▶ [Saved entries]:

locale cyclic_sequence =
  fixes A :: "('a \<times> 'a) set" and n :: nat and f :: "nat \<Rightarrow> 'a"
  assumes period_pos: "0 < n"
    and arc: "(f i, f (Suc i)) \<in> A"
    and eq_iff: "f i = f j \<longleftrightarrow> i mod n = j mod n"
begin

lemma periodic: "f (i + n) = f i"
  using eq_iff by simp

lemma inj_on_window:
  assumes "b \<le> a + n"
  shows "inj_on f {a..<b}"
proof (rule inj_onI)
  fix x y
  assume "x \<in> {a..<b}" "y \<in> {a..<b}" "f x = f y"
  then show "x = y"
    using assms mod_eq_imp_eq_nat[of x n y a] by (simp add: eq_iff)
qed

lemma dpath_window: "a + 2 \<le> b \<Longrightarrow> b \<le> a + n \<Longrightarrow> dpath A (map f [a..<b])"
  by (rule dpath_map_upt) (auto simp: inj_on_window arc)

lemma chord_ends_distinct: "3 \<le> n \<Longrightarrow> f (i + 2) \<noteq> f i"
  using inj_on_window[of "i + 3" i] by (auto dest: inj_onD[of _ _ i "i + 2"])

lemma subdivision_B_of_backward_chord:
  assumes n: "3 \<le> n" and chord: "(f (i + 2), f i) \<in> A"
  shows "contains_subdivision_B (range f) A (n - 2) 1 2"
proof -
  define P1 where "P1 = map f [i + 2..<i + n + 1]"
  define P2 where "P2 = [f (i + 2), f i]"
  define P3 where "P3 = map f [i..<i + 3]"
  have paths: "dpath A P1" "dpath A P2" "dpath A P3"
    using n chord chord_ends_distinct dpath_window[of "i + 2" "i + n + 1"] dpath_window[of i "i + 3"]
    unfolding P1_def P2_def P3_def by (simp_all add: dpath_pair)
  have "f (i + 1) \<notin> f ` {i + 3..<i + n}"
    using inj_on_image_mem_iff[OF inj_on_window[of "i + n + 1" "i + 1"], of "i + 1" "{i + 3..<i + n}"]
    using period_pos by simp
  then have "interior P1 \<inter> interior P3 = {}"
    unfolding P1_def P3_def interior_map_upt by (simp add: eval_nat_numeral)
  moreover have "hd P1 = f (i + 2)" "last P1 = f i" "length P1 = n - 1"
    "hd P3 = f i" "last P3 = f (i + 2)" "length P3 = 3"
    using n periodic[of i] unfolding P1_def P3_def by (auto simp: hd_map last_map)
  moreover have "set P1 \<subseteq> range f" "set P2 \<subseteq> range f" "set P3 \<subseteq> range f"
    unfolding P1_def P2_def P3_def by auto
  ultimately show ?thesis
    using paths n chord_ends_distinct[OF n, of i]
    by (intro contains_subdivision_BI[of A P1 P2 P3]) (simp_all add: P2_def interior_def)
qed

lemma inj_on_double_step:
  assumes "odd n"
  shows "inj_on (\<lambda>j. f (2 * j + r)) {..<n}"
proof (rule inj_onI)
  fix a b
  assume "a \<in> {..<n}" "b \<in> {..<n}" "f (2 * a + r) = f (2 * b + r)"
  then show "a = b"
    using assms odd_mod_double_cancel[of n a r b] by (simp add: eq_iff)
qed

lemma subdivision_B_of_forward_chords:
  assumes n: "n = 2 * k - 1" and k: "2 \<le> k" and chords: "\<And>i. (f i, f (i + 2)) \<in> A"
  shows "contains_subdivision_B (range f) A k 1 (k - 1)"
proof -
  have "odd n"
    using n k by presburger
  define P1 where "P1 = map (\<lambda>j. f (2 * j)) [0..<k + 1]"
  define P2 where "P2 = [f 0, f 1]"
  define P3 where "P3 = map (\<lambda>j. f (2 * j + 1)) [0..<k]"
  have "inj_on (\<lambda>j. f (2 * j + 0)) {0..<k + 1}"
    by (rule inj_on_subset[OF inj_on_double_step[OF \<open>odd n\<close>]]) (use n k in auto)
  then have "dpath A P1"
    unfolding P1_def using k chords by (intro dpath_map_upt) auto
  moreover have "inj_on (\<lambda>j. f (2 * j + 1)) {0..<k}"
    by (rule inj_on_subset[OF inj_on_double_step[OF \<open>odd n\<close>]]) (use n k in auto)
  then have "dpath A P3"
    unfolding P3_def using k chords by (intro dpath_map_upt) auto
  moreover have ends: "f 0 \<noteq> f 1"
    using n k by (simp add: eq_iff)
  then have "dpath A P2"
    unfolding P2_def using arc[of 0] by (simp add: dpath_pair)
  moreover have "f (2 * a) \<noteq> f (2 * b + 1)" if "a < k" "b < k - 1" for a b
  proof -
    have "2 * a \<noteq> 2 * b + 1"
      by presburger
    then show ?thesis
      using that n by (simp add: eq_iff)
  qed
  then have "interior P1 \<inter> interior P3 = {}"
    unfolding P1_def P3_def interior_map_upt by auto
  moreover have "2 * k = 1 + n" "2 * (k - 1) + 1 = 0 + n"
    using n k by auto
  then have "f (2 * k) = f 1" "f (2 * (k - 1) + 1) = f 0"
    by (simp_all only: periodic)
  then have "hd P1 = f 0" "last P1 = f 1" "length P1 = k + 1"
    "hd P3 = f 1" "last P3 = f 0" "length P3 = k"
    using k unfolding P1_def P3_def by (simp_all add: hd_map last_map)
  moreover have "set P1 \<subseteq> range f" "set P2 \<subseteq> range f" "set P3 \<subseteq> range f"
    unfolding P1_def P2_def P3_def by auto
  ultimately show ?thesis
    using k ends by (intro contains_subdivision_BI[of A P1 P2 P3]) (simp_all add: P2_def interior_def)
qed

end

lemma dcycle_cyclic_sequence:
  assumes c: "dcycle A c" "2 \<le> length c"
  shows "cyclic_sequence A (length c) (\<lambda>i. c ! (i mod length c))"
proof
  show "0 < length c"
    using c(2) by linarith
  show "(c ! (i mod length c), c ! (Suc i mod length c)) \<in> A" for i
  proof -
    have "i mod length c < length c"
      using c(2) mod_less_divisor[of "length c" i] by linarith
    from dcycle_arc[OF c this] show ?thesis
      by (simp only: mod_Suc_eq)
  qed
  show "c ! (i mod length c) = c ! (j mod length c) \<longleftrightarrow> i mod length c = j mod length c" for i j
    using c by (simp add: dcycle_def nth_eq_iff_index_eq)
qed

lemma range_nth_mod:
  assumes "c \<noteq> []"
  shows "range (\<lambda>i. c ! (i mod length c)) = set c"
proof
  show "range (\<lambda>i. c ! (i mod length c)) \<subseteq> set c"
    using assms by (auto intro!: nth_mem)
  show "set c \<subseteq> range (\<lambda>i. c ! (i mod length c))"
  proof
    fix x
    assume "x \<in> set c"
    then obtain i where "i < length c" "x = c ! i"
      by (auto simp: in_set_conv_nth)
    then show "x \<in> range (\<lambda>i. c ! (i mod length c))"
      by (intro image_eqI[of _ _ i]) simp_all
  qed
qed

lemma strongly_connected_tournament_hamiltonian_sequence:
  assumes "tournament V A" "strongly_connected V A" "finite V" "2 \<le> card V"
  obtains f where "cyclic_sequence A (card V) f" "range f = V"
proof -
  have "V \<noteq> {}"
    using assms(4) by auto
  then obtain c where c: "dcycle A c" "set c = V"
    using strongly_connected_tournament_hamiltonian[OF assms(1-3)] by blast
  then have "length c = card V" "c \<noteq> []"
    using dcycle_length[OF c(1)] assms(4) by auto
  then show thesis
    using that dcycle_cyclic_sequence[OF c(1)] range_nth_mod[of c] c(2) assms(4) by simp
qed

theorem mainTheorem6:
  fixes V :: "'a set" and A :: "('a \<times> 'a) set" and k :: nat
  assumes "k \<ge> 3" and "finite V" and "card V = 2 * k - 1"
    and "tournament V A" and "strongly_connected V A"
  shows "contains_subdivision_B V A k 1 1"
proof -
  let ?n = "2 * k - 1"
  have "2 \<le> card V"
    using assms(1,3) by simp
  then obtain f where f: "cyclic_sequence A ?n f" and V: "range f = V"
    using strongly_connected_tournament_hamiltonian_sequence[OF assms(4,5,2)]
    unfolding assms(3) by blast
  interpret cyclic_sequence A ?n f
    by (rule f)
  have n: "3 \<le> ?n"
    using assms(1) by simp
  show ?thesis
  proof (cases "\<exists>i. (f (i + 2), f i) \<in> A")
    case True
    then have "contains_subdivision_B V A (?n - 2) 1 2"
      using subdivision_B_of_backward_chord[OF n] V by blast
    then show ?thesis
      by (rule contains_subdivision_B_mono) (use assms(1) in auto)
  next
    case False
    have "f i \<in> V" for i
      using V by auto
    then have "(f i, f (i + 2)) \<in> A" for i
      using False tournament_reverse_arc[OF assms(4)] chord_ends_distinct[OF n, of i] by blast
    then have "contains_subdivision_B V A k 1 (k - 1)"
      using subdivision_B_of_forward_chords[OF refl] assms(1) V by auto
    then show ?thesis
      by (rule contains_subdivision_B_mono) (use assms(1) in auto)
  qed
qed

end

▶ [WHAT THE TASK REQUIRES]:
Filter the records down to the lines containing the word "longleftrightarrow", and copy those.

▶ [EXERCISE ANSWER]:
    and eq_iff: "f i = f j \<longleftrightarrow> i mod n = j mod n"
  show "c ! (i mod length c) = c ! (j mod length c) \<longleftrightarrow> i mod length c = j mod length c" for i j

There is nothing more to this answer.